▸ THE PROBLEM:
Of the entries below, restate word for word only the section that runs from the line with "Re x*Bx = 2" to the line with "preserves all three", counting both ends.

▸ Source records:
(* Under the hypotheses of the preceding statement ($\mu$-weakly convex $f$ with $\alpha$-sharp minimum on closed convex $Q$, initial point with $\min_{x_*\in X_*}\|x^0-x_*\|_2\le\alpha\gamma/\mu$ for some $\gamma\in(0,1)$, projected subgradient method with Polyak step $h_k=(f(x^k)-f^* )/\|\nabla f(x^k)\|_2^2$, iterates $x^0,\dots,x^k\notin X_*$), assume in addition that $f$ is $M$-Lipschitz. Then $$\min_{x_*\in X_*}\|x^{k+1}-x_*\|_2^2\le\Bigl(1-\frac{\alpha^2(1-\gamma)}{M^2}\Bigr)^{k+1}\min_{x_*\in X_*}\|x^0-x_*\|_2^2.$$
   Context: $f$ is $\mu$-weakly convex if $x\mapsto f(x)+\frac{\mu}{2}\|x\|_2^2$ is convex; subgradients are taken in the sense $f(y)\ge f(x)+\langle v,y-x\rangle+o(\|y-x\|_2)$. $X_*$ is the set of minimizers of $f$ on $Q$, $f^*=\min_Q f$, $\operatorname{Pr}_Q$ the Euclidean projection. *)

theory Defs
  imports "HOL-Analysis.Analysis"
begin

definition weakly_convex :: "real \<Rightarrow> ('a::euclidean_space \<Rightarrow> real) \<Rightarrow> bool" where
  "weakly_convex mu f \<longleftrightarrow> convex_on UNIV (\<lambda>x. f x + mu / 2 * (norm x)\<^sup>2)"

text \<open>Frechet (regular) subgradient: f y \<ge> f x + <v, y - x> + o(|y - x|).\<close>
definition subgrad :: "('a::euclidean_space \<Rightarrow> real) \<Rightarrow> 'a \<Rightarrow> 'a \<Rightarrow> bool" where
  "subgrad f x v \<longleftrightarrow>
     (\<forall>e>0. \<exists>d>0. \<forall>y. norm (y - x) < d \<longrightarrow> f y \<ge> f x + inner v (y - x) - e * norm (y - x))"

definition fstar :: "('a \<Rightarrow> real) \<Rightarrow> 'a set \<Rightarrow> real" where
  "fstar f Q = Inf (f ` Q)"

definition argmin_set :: "('a \<Rightarrow> real) \<Rightarrow> 'a set \<Rightarrow> 'a set" where
  "argmin_set f Q = {x \<in> Q. \<forall>y\<in>Q. f x \<le> f y}"

definition sharp_min :: "real \<Rightarrow> ('a::euclidean_space \<Rightarrow> real) \<Rightarrow> 'a set \<Rightarrow> bool" where
  "sharp_min alpha f Q \<longleftrightarrow> argmin_set f Q \<noteq> {} \<and>
     (\<forall>x\<in>Q. f x - fstar f Q \<ge> alpha * infdist x (argmin_set f Q))"
lemma has_sum_node_term:
  "(node_term q \<gamma> a n l has_sum a l * of_real ((1 - q) * (1 + (-1) ^ (l+n)) * qmoment q \<gamma> (l+n)))
    (UNIV \<times> {-1, 1})"
proof -
  have "((\<lambda>k. node_term q \<gamma> a n l (k, \<epsilon>)) has_sum
      a l * of_real ((1 - q) * \<epsilon> ^ (l+n) * qmoment q \<gamma> (l+n))) UNIV" for \<epsilon>
    unfolding node_term_def fst_conv snd_conv
    by (intro has_sum_cmult_right has_sum_of_real has_sum_qmoment[OF q \<gamma>])
  from has_sum_Times_sign[OF this this] show ?thesis by (simp add: algebra_simps)
qed

lemma summable_on_norm_node_term:
  "(\<lambda>(l, p). norm (node_term q \<gamma> a n l p)) summable_on UNIV \<times> (UNIV \<times> {-1, 1})"
proof (rule summable_on_SigmaI[where g = "\<lambda>l. norm (a l) * (2 * (1 - q) * qmoment q \<gamma> (l+n))"])
  fix l
  define h where "h k = qnode q \<gamma> k ^ (l+n+1) * qweight q (qnode q \<gamma> k)" for k
  have "norm (node_term q \<gamma> a n l (k, \<epsilon>)) = norm (a l) * ((1 - q) * h k)" if "\<bar>\<epsilon>\<bar> = 1" for k \<epsilon>
    using q that qnode_pos[OF q \<gamma>] qweight_pos[OF q]
    by (simp add: node_term_def h_def norm_mult abs_mult power_abs abs_of_pos
        del: of_real_mult of_real_diff of_real_power)
  moreover have "((\<lambda>k. norm (a l) * ((1 - q) * h k)) has_sum
      norm (a l) * ((1 - q) * qmoment q \<gamma> (l+n))) UNIV"
    unfolding h_def by (intro has_sum_cmult_right has_sum_qmoment[OF q \<gamma>])
  ultimately have "((\<lambda>p. norm (node_term q \<gamma> a n l p)) has_sum
      norm (a l) * ((1 - q) * qmoment q \<gamma> (l+n)) + norm (a l) * ((1 - q) * qmoment q \<gamma> (l+n)))
      (UNIV \<times> {-1, 1})"
    by (intro has_sum_Times_sign) simp_all
  thus "((\<lambda>p. case (l, p) of (l, p) \<Rightarrow> norm (node_term q \<gamma> a n l p)) has_sum
      norm (a l) * (2 * (1 - q) * qmoment q \<gamma> (l+n))) (UNIV \<times> {-1, 1})"
    by (simp add: algebra_simps)
next
  have "summable (\<lambda>l. 2 * (1 - q) * (norm (a l) * qmoment q \<gamma> (l+n)))"
    by (intro summable_mult summable_coeff_qmoment)
  thus "(\<lambda>l. norm (a l) * (2 * (1 - q) * qmoment q \<gamma> (l+n))) summable_on UNIV"
    using q qmoment_pos[OF q \<gamma>]
    by (intro summable_nonneg_imp_summable_on) (auto simp: mult_ac less_imp_le)
qed auto

lemma sums_node_term:
  fixes F :: "complex \<Rightarrow> complex"
  assumes F_real: "\<And>y. F (of_real y) = (\<Sum>l. a l * of_real y ^ l) * of_real (qweight q y)"
    and \<epsilon>: "\<epsilon> = -1 \<or> \<epsilon> = 1"
  shows "(\<lambda>l. node_term q \<gamma> a n l (k, \<epsilon>)) sums (complex_of_real ((1 - q) * q powi k * \<gamma>) *
    (F (of_real (\<epsilon> * q powi k * \<gamma>)) * of_real (\<epsilon> * q powi k * \<gamma>) ^ n))"
proof -
  define x where "x = qnode q \<gamma> k"
  define z where "z = complex_of_real (\<epsilon> * x)"
  define cp where "cp = complex_of_real ((1 - q) * x * qweight q x) * z ^ n"
  have "node_term q \<gamma> a n l (k, \<epsilon>) = cp * (a l * z ^ l)" for l
    by (simp add: node_term_def cp_def z_def x_def power_mult_distrib power_add algebra_simps)
  moreover have "(\<lambda>l. cp * (a l * z ^ l)) sums (cp * (\<Sum>l. a l * z ^ l))"
    using summable_coeff_series[OF q _ coeff] s by (intro sums_mult summable_sums) auto
  moreover have "qweight q (\<epsilon> * x) = qweight q x" using \<epsilon> by (auto simp: qweight_uminus[OF q])
  hence "F z = (\<Sum>l. a l * z ^ l) * of_real (qweight q x)" unfolding z_def F_real by simp
  hence "cp * (\<Sum>l. a l * z ^ l) = complex_of_real ((1 - q) * q powi k * \<gamma>) *
      (F (of_real (\<epsilon> * q powi k * \<gamma>)) * of_real (\<epsilon> * q powi k * \<gamma>) ^ n)"
    unfolding z_def x_def qnode_def cp_def by (simp add: algebra_simps)
  ultimately show ?thesis by simp
qed
(* Let $B\in\mathbb{R}^{n\times n}$ be symmetric, partitioned into $p\times p$ blocks $B_{st}\in\mathbb{R}^{n_s\times n_t}$, and let $\check B$ be its strictly block lower triangular part ($\check B_{st}=B_{st}$ if $s>t$, $0$ otherwise). If $\lambda_{\min}(B)<0$, then for every $\beta\in(0,\frac1{\rho(B)})$ the matrix $(I_n+\beta\check B)^{-1}B$ has at least one eigenvalue in $$\Omega=\{a+bi:\ a,b\in\mathbb{R},\ a\le 0,\ (a,b)\ne(0,0)\}.$$
   Context: $n_1,\dots,n_p$ are positive integers with $\sum_sn_s=n$; $\rho(B)$ denotes the spectral radius of $B$ and $\lambda_{\min}(B)$ its smallest eigenvalue. *)

theory Defs
  imports "Jordan_Normal_Form.Spectral_Radius" "Jordan_Normal_Form.Gauss_Jordan_Elimination"
begin

text \<open>Block structure: the list ns = [n_1,...,n_p]; row/column index i (0-based)
  belongs to block s iff sum of n_r (r < s) <= i < sum of n_r (r <= s).\<close>
definition block_of :: "nat list \<Rightarrow> nat \<Rightarrow> nat" where
  "block_of ns i = (LEAST s. i < sum_list (take (Suc s) ns))"

definition block_lower :: "nat list \<Rightarrow> real mat \<Rightarrow> real mat" where
  "block_lower ns B = mat (dim_row B) (dim_col B)
     (\<lambda>(i,j). if block_of ns j < block_of ns i then B $$ (i,j) else 0)"

definition lambda_min :: "real mat \<Rightarrow> real" where
  "lambda_min B = Min {k. eigenvalue B k}"

definition Omega :: "complex set" where
  "Omega = {z. Re z \<le> 0 \<and> z \<noteq> 0}"

end

(* Write L for the strictly block lower triangular part of B and M = I + beta L, and suppose
   that every eigenvalue of A = M^-1 B has nonnegative real part.  By symmetry of B,
   Re x*Bx = 2 Re x*Lx + sum_s x_s* B x_s over the diagonal blocks, and |x*Cx| <= rho(C) |x|^2
   for Hermitian C; hence Re x*Mx >= (1 - beta rho(B)) |x|^2 > 0, i.e. M is strictly accretive,
   and in particular invertible.  Now B = M A with B Hermitian, M strictly accretive and the
   spectrum of A in the closed right half plane.  A Schur triangularization A = S U S^-1 turns
   this into S*BS = (S*MS) U with U upper triangular, and a Schur complement at the first pivot
   preserves all three properties on a smaller index set.  By induction B is positive
   semidefinite, contradicting lambda_min(B) < 0.  The bound |x*Cx| <= rho(C) |x|^2 is the
   special case M = I, A = rho(C) I +- C of the same argument. *)

theory Submission
  imports Defs
begin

▸ OUTPUT:
   Re x*Bx = 2 Re x*Lx + sum_s x_s* B x_s over the diagonal blocks, and |x*Cx| <= rho(C) |x|^2
   for Hermitian C; hence Re x*Mx >= (1 - beta rho(B)) |x|^2 > 0, i.e. M is strictly accretive,
   and in particular invertible.  Now B = M A with B Hermitian, M strictly accretive and the
   spectrum of A in the closed right half plane.  A Schur triangularization A = S U S^-1 turns
   this into S*BS = (S*MS) U with U upper triangular, and a Schur complement at the first pivot
   preserves all three properties on a smaller index set.  By induction B is positive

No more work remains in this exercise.